The sunlight almost blinded Lucy. Troy gunned the motor and surged down the driveway. He was whistling between his teeth and looked extremely pleased with himself. ‘You enjoyed that,’ Lucy said shakily.

‘Damn right I did.’ With casual skill he took the first of the turns. ‘What in heaven’s name made you think you could work for a man like that?’

‘I never met him,’ she said defensively. ‘The interview was in Toronto, with his personnel adviser.’

‘And what do you do that led him to call you a prostitute?’

‘I’m a massage therapist,’ she said. ‘There are certain people who seem to think that massage has everything to do with sex and nothing to do with healing—I get so tired of all the innuendoes and off-color jokes.’

‘It’s a very useful profession,’ Troy said mildly.

She shot him a suspicious glance. ‘Do you really mean that?’

‘Kindly don’t equate me with the likes of that creep up in the villa!’

Only wanting to change the subject, Lucy looked distastefully at the knife in her lap. ‘What am I going to do with this?’

‘Keep it. In case you’re ever silly enough to work for someone like him again. Naivete doesn’t pay in any job, but particularly not in yours, I would have thought.’

Troy had spoken with a casual contempt that cut Lucy to the quick. I won’t cry, she thought, I won’t. If I didn’t cry when it happened, why would I cry now?

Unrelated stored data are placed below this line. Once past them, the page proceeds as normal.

(* Let $a<b$ and let $f:[a,b]\rightarrow\mathbb{R}$ be a differentiable mapping in $(a,b)$ such that $f'\in L^1[a,b]$ and $\gamma\le f'(x)\le \Gamma$ for all $x\in [a,b]$, where $\gamma,\Gamma$ are real constants. Put $S=\frac{f(b)-f(a)}{b-a}$. Then \[ \left|f\left(\frac{a+b}{2}\right)-\frac{1}{b-a}\int_{a}^{b}f(t)\,dt\right|\leq \frac{b-a}{2}(S-\gamma) \] and \[ \left|f\left(\frac{a+b}{2}\right)-\frac{1}{b-a}\int_{a}^{b}f(t)\,dt\right|\leq \frac{b-a}{2}(\Gamma-S). \] *)

theory Defs
  imports "HOL-Analysis.Analysis"
begin

end

theory Submission
  imports Defs
begin

text \<open>Adding a linear function to \<open>f\<close> does not change the difference between the midpoint
  value and the mean. Since \<open>f x - \<gamma> x\<close> and \<open>\<Gamma> x - f x\<close> are nondecreasing, it suffices to
  show \<open>|g((a+b)/2) - mean g| \<le> (g b - g a)/2\<close> for nondecreasing \<open>g\<close>; this follows by
  bounding \<open>g\<close> on each half of \<open>[a,b]\<close> by its values at the endpoints of that half.\<close>

definition midpoint_deviation :: "(real \<Rightarrow> real) \<Rightarrow> real \<Rightarrow> real \<Rightarrow> real" where
  "midpoint_deviation f a b = f ((a + b) / 2) - (1 / (b - a)) * integral {a..b} f"

lemma midpoint_deviation_add_linear:
  assumes "a < b" and "f integrable_on {a..b}"
  shows "midpoint_deviation (\<lambda>x. f x + c * x) a b = midpoint_deviation f a b"
proof -
  define k where "k = c * ((a + b) / 2)"
  have "integral {a..b} (\<lambda>x. c * x) = c * ((b\<^sup>2 - a\<^sup>2) / 2)"
    using integral_ident[of a b] assms(1) by simp
  also have "\<dots> = (b - a) * k"
    by (simp add: k_def power2_eq_square field_simps)
  finally have shift: "integral {a..b} (\<lambda>x. f x + c * x) = integral {a..b} f + (b - a) * k"
    using integral_add[OF assms(2), of "\<lambda>x. c * x"]
    by (simp add: integrable_continuous_real continuous_intros)
  show ?thesis
    unfolding midpoint_deviation_def shift using assms(1) by (simp add: k_def field_simps)
qed

lemma midpoint_deviation_uminus:
  "midpoint_deviation (\<lambda>x. - f x) a b = - midpoint_deviation f a b"
  by (simp add: midpoint_deviation_def integral_neg)

lemma mono_on_if_deriv_nonneg:
  fixes g g' :: "real \<Rightarrow> real"
  assumes "continuous_on {a..b} g"
    and "\<And>x. x \<in> {a<..<b} \<Longrightarrow> (g has_real_derivative g' x) (at x)"
    and "\<And>x. x \<in> {a<..<b} \<Longrightarrow> 0 \<le> g' x"
  shows "mono_on {a..b} g"
proof (rule mono_onI)
  fix x y assume "x \<in> {a..b}" "y \<in> {a..b}" "x \<le> y"
  then show "g x \<le> g y"
    by (intro DERIV_nonneg_imp_increasing_open[of x y g]
        continuous_on_subset[OF assms(1)]) (use assms(2,3) in force)+
qed

lemma integral_bounds_mono_on:
  fixes g :: "real \<Rightarrow> real"
  assumes "c \<le> d" and "mono_on {c..d} g" and "g integrable_on {c..d}"
  shows "(d - c) * g c \<le> integral {c..d} g" and "integral {c..d} g \<le> (d - c) * g d"
proof -
  have "integral {c..d} (\<lambda>_. g c) \<le> integral {c..d} g"
    by (rule integral_le) (use assms in \<open>auto intro: mono_onD\<close>)
  then show "(d - c) * g c \<le> integral {c..d} g"
    using assms(1) by simp
  have "integral {c..d} g \<le> integral {c..d} (\<lambda>_. g d)"
    by (rule integral_le) (use assms in \<open>auto intro: mono_onD\<close>)
  then show "integral {c..d} g \<le> (d - c) * g d"
    using assms(1) by simp
qed

lemma abs_midpoint_deviation_le_mono_on:
  fixes g :: "real \<Rightarrow> real"
  assumes "a < b" and "continuous_on {a..b} g" and "mono_on {a..b} g"
  shows "\<bar>midpoint_deviation g a b\<bar> \<le> (g b - g a) / 2"
proof -
  define m where "m = (a + b) / 2"
  define mean where "mean = (1 / (b - a)) * integral {a..b} g"
  have m: "a \<le> m" "m \<le> b" "m - a = (b - a) / 2" "b - m = (b - a) / 2"
    using assms(1) by (simp_all add: m_def field_simps)
  have int: "g integrable_on {a..b}"
    using assms(2) integrable_continuous_real by blast
  have halves: "g integrable_on {a..m}" "g integrable_on {m..b}"
    using integrable_subinterval_real[OF int] m by auto
  have mono_halves: "mono_on {a..m} g" "mono_on {m..b} g"
    using mono_on_subset[OF assms(3)] m by auto
  note left = integral_bounds_mono_on[OF m(1) mono_halves(1) halves(1)]
  note right = integral_bounds_mono_on[OF m(2) mono_halves(2) halves(2)]
  have "integral {a..m} g + integral {m..b} g = integral {a..b} g"
    using Henstock_Kurzweil_Integration.integral_combine[OF m(1,2) int] .
  then have "(b - a) / 2 * (g a + g m) \<le> integral {a..b} g"
    and "integral {a..b} g \<le> (b - a) / 2 * (g m + g b)"
    using left right m by (simp_all add: algebra_simps)
  then have "(g a + g m) / 2 \<le> mean" and "mean \<le> (g m + g b) / 2"
    using assms(1) by (simp_all add: mean_def field_simps)
  moreover have "g a \<le> g m" "g m \<le> g b"
    using mono_onD[OF assms(3)] m by auto
  ultimately have "\<bar>g m - mean\<bar> \<le> (g b - g a) / 2"
    unfolding abs_le_iff by auto
  then show ?thesis
    by (simp add: midpoint_deviation_def m_def mean_def)
qed

theorem corollary2p3:
  fixes f f' :: "real \<Rightarrow> real" and a b \<gamma> \<Gamma> S :: real
  assumes "a < b"
    and "continuous_on {a..b} f"
    and "\<And>x. x \<in> {a<..<b} \<Longrightarrow> (f has_real_derivative f' x) (at x)"
    and "f' absolutely_integrable_on {a..b}"
    and "\<And>x. x \<in> {a..b} \<Longrightarrow> \<gamma> \<le> f' x \<and> f' x \<le> \<Gamma>"
    and "S = (f b - f a) / (b - a)"
  shows "\<bar>f ((a + b) / 2) - (1 / (b - a)) * integral {a..b} f\<bar> \<le> (b - a) / 2 * (S - \<gamma>) \<and>
         \<bar>f ((a + b) / 2) - (1 / (b - a)) * integral {a..b} f\<bar> \<le> (b - a) / 2 * (\<Gamma> - S)"
proof -
  define g1 where "g1 x = f x + (- \<gamma>) * x" for x
  define g2 where "g2 x = - f x + \<Gamma> * x" for x
  have int: "f integrable_on {a..b}" "(\<lambda>x. - f x) integrable_on {a..b}"
    using assms(2) by (auto intro: integrable_continuous_real continuous_intros)
  have cont: "continuous_on {a..b} g1" "continuous_on {a..b} g2"
    unfolding g1_def g2_def by (intro continuous_intros assms(2))+
  have "mono_on {a..b} g1"
    using assms(3,5) unfolding g1_def
    by (intro mono_on_if_deriv_nonneg[where g' = "\<lambda>x. f' x - \<gamma>"] continuous_intros assms(2))
      (auto intro!: derivative_eq_intros)
  moreover have "midpoint_deviation g1 a b = midpoint_deviation f a b"
    unfolding g1_def by (rule midpoint_deviation_add_linear[OF assms(1) int(1)])
  ultimately have bound1: "\<bar>midpoint_deviation f a b\<bar> \<le> (g1 b - g1 a) / 2"
    using abs_midpoint_deviation_le_mono_on[OF assms(1) cont(1)] by simp
  have "mono_on {a..b} g2"
    using assms(3,5) unfolding g2_def
    by (intro mono_on_if_deriv_nonneg[where g' = "\<lambda>x. \<Gamma> - f' x"] continuous_intros assms(2))
      (auto intro!: derivative_eq_intros)
  moreover have "midpoint_deviation g2 a b = - midpoint_deviation f a b"
    unfolding g2_def midpoint_deviation_add_linear[OF assms(1) int(2)]
    by (rule midpoint_deviation_uminus)
  ultimately have bound2: "\<bar>midpoint_deviation f a b\<bar> \<le> (g2 b - g2 a) / 2"
    using abs_midpoint_deviation_le_mono_on[OF assms(1) cont(2)] by simp
  moreover have "(g1 b - g1 a) / 2 = (b - a) / 2 * (S - \<gamma>)"
    "(g2 b - g2 a) / 2 = (b - a) / 2 * (\<Gamma> - S)"
    using assms(1,6) by (simp_all add: g1_def g2_def field_simps)
  ultimately show ?thesis
    using bound1 unfolding midpoint_deviation_def by simp
qed

end
definition vdot :: "nat \<Rightarrow> (nat \<Rightarrow> real) \<Rightarrow> (nat \<Rightarrow> real) \<Rightarrow> real" where
  "vdot d L t = (\<Sum>i<d. L i * t i)"

definition poisson_rv :: "'a measure \<Rightarrow> ('a \<Rightarrow> nat) \<Rightarrow> real \<Rightarrow> bool" where
  "poisson_rv M X mu \<longleftrightarrow> X \<in> measurable M (count_space UNIV) \<and>
     (\<forall>k::nat. measure M {\<omega> \<in> space M. X \<omega> = k} = exp (- mu) * mu ^ k / fact k)"

definition counting_process :: "'a measure \<Rightarrow> (real \<Rightarrow> 'a \<Rightarrow> nat) \<Rightarrow> bool" where
  "counting_process M N \<longleftrightarrow> (\<forall>\<omega>\<in>space M. N 0 \<omega> = 0 \<and>
     (\<forall>s t. 0 \<le> s \<longrightarrow> s \<le> t \<longrightarrow> N s \<omega> \<le> N t \<omega>))"

definition poisson_process :: "'a measure \<Rightarrow> real \<Rightarrow> (real \<Rightarrow> 'a \<Rightarrow> nat) \<Rightarrow> bool" where
  "poisson_process M lam N \<longleftrightarrow> counting_process M N \<and>
     (\<forall>(m::nat) (t::nat \<Rightarrow> real). t 0 = 0 \<and> (\<forall>k\<in>{1..m}. t (k - 1) < t k) \<longrightarrow>
        prob_space.indep_vars M (\<lambda>_. count_space UNIV)
          (\<lambda>k \<omega>. N (t k) \<omega> - N (t (k - 1)) \<omega>) {1..m}) \<and>
     (\<forall>s t. 0 \<le> s \<longrightarrow> s \<le> t \<longrightarrow>
        distr M (count_space UNIV) (\<lambda>\<omega>. N t \<omega> - N s \<omega>) =
        distr M (count_space UNIV) (N (t - s))) \<and>
     (\<forall>t\<ge>0. poisson_rv M (N t) (lam * t))"

definition mcounting_process :: "nat \<Rightarrow> 'a measure \<Rightarrow> ((nat \<Rightarrow> real) \<Rightarrow> 'a \<Rightarrow> nat) \<Rightarrow> bool" where
  "mcounting_process d M X \<longleftrightarrow> (\<forall>\<omega>\<in>space M. X (\<lambda>_. 0) \<omega> = 0 \<and>
     (\<forall>s t. vle d (\<lambda>_. 0) s \<longrightarrow> vle d s t \<longrightarrow> X s \<omega> \<le> X t \<omega>))"

definition mpp :: "nat \<Rightarrow> 'a measure \<Rightarrow> (nat \<Rightarrow> real) \<Rightarrow> ((nat \<Rightarrow> real) \<Rightarrow> 'a \<Rightarrow> nat) \<Rightarrow> bool" where
  "mpp d M L X \<longleftrightarrow> mcounting_process d M X \<and>
     (\<forall>(m::nat) (t::nat \<Rightarrow> nat \<Rightarrow> real). t 0 = (\<lambda>_. 0) \<and> (\<forall>k\<in>{1..m}. vlt d (t (k - 1)) (t k)) \<longrightarrow>
        prob_space.indep_vars M (\<lambda>_. count_space UNIV)
          (\<lambda>k \<omega>. X (t k) \<omega> - X (t (k - 1)) \<omega>) {1..m}) \<and>
     (\<forall>s t. vle d (\<lambda>_. 0) s \<longrightarrow> vle d s t \<longrightarrow>
        distr M (count_space UNIV) (\<lambda>\<omega>. X t \<omega> - X s \<omega>) =
        distr M (count_space UNIV) (X (\<lambda>i. t i - s i))) \<and>
     (\<forall>t. vle d (\<lambda>_. 0) t \<longrightarrow> poisson_rv M (X t) (vdot d L t))"

end

theory Submission
  imports Defs
begin

(*
  On the i-th coordinate axis the sum field reduces to N_i, because the other components
  vanish at time 0; and the restriction of a multiparameter Poisson process to an axis is a
  Poisson process with rate lambda_i.

  Conversely, let the N_i be independent Poisson processes. For s <= t the increment of the
  sum field is a sum of independent Poisson variables, hence Poisson with mean
  Lambda . (t - s). This gives the marginals, and also stationarity, because a Poisson law
  is determined by its mean. Along a chain t(0) < ... < t(m) the coordinate chains are only
  nondecreasing. A repeated time contributes a zero increment, so each N_i still has
  independent increments along its coordinate chain. With the independence of the
  processes, the whole array of coordinate increments is then independent, and the
  increments of the sum field are its column sums.
*)

section \<open>Independence of discrete random variables\<close>

context prob_space
begin

lemma indep_vars_cong_space:
  assumes "indep_vars M' X I" "\<And>i \<omega>. i \<in> I \<Longrightarrow> \<omega> \<in> space M \<Longrightarrow> X i \<omega> = Y i \<omega>"
  shows "indep_vars M' Y I"
proof -
  have "X i -` A \<inter> space M = Y i -` A \<inter> space M" if "i \<in> I" for i A
    using assms(2)[OF that] by auto
  moreover have "X i \<in> measurable M (M' i) \<longleftrightarrow> Y i \<in> measurable M (M' i)" if "i \<in> I" for i
    using assms(2)[OF that] by (intro measurable_cong) auto
  ultimately show ?thesis
    using assms(1) unfolding indep_vars_def2 by (simp cong: indep_sets_cong)
qed

lemma indep_vars_count_space_iff:
  assumes K: "finite K" and X: "\<And>k. k \<in> K \<Longrightarrow> X k \<in> measurable M (count_space UNIV)"
  shows "indep_vars (\<lambda>_. count_space UNIV) X K \<longleftrightarrow>
    (\<forall>A. prob {\<omega>\<in>space M. \<forall>k\<in>K. X k \<omega> \<in> A k} = (\<Prod>k\<in>K. prob {\<omega>\<in>space M. X k \<omega> \<in> A k}))"
proof (cases "K = {}")
  case True
  then show ?thesis by (simp add: indep_vars_def indep_sets_def prob_space)
next
  case False
  have "indep_vars (\<lambda>_. count_space UNIV) X K \<longleftrightarrow>
    (\<forall>A\<in>(\<Pi> k\<in>K. UNIV). prob (\<Inter>k\<in>K. X k -` A k \<inter> space M) = (\<Prod>k\<in>K. prob (X k -` A k \<inter> space M)))"
    by (rule indep_vars_finite[OF False K]) (auto simp: X Int_stable_def)
  moreover have "(\<Inter>k\<in>K. X k -` A k \<inter> space M) = {\<omega>\<in>space M. \<forall>k\<in>K. X k \<omega> \<in> A k}" for A
    using False by auto
  moreover have "X k -` A \<inter> space M = {\<omega>\<in>space M. X k \<omega> \<in> A}" for k A
    by auto
  ultimately show ?thesis by simp
qed

lemma indep_vars_count_spaceD:
  assumes "indep_vars (\<lambda>_. count_space UNIV) X K" "finite K"
  shows "prob {\<omega>\<in>space M. \<forall>k\<in>K. X k \<omega> \<in> A k} = (\<Prod>k\<in>K. prob {\<omega>\<in>space M. X k \<omega> \<in> A k})"
proof -
  have "X k \<in> measurable M (count_space UNIV)" if "k \<in> K" for k
    using assms(1) that by (auto simp: indep_vars_def)
  then show ?thesis
    using assms indep_vars_count_space_iff by blast
qed

lemma indep_vars_count_space_reindex:
  assumes "inj_on \<sigma> K" "finite K" "indep_vars (\<lambda>_. count_space UNIV) (\<lambda>k. X (\<sigma> k)) K"
  shows "indep_vars (\<lambda>_. count_space UNIV) X (\<sigma> ` K)"
proof -
  have X: "X j \<in> measurable M (count_space UNIV)" if "j \<in> \<sigma> ` K" for j
    using assms(3) that by (auto simp: indep_vars_def)
  have "prob {\<omega>\<in>space M. \<forall>j\<in>\<sigma> ` K. X j \<omega> \<in> A j} = (\<Prod>j\<in>\<sigma> ` K. prob {\<omega>\<in>space M. X j \<omega> \<in> A j})"
    for A
    using indep_vars_count_spaceD[OF assms(3,2), of "\<lambda>k. A (\<sigma> k)"] assms(1)
    by (simp add: prod.reindex)
  with assms(2) X show ?thesis
    by (subst indep_vars_count_space_iff) auto
qed
(* Let $p$ be an odd prime, $R=F_p+vF_p$ with $v^2=v$, let $\vartheta=1-2v$ or $\vartheta=-1+2v$, and let $C$ be a $\vartheta$-constacyclic code of length $n$ over $R$ with generating set in standard form $\{vg_{1-v}(x),(1-v)g_v(x)\}$. Then: (1) $\phi_\vartheta(C^\perp)=[h_{1-v}^*(x)h_v^*(x)]$; (2) $\phi_\vartheta(C^\perp)=(\phi_\vartheta(C))^\perp$.
   Context: Write $\vartheta=\lambda+v\mu$ with $\lambda,\mu\in F_p$. A $\vartheta$-constacyclic code of length $n$ over $R$ is an $R$-submodule of $R^n$ closed under $(c_0,\dots,c_{n-1})\mapsto(\vartheta c_{n-1},c_0,\dots,c_{n-2})$, identified with an ideal of $R[x]/\langle x^n-\vartheta\rangle$ via $(c_i)\mapsto\sum c_ix^i$. Duals are with respect to the standard Euclidean inner product (on $R^n$ and on $F_p^{2n}$). A set $\{vg_1(x),(1-v)g_2(x)\}$ is a generating set in standard form for $C$ if it generates $C$ as an ideal, each $g_i\in F_p[x]$ is monic or $0$, $g_1\mid x^n-(\lambda+\mu)$ if $g_1\ne0$, and $g_2\mid x^n-\lambda$ if $g_2\ne0$. Let $h_{1-v},h_v\in F_p[x]$ be given by $g_{1-v}h_{1-v}=x^n-(\lambda+\mu)$ and $g_vh_v=x^n-\lambda$; for $h\in\{h_{1-v},h_v\}$, $h^*(x)=\frac{1}{h(0)}x^{\deg h}h(1/x)$. The Gray map $\phi_\vartheta:R^n\to F_p^{2n}$ sends $(c_0,\dots,c_{n-1})$ with $c_i=r_i+vq_i$ to $(\lambda(\lambda+\mu)q_0,\dots,\lambda(\lambda+\mu)q_{n-1},-\mu r_0-(\lambda+\mu)q_0,\dots,-\mu r_{n-1}-(\lambda+\mu)q_{n-1})$; equivalently, in polynomial form, $r(x)+vq(x)\mapsto\lambda(\lambda+\mu)q(x)+x^n[-\mu r(x)-(\lambda+\mu)q(x)]\in F_p[x]/\langle x^{2n}-1\rangle$. For a monic divisor $g$ of $x^{2n}-1$, $[g(x)]$ denotes the cyclic code (ideal of $F_p[x]/\langle x^{2n}-1\rangle$) generated by $g$. *)

theory Defs
  imports "HOL-Computational_Algebra.Computational_Algebra"
begin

But the hibiscus blooms that bordered the driveway were running together in big red blobs, as red as Raymond Blogden’s face. She stared fiercely out of the side window of the Jeep and felt Troy slow to a halt as they reached the highway. Then his hand touched her bare elbow. ‘Don’t!’ she muttered, and yanked it away.

‘Look at me, Lucy.’

‘No!’

‘Lucy…’ His fingers closed on her shoulder.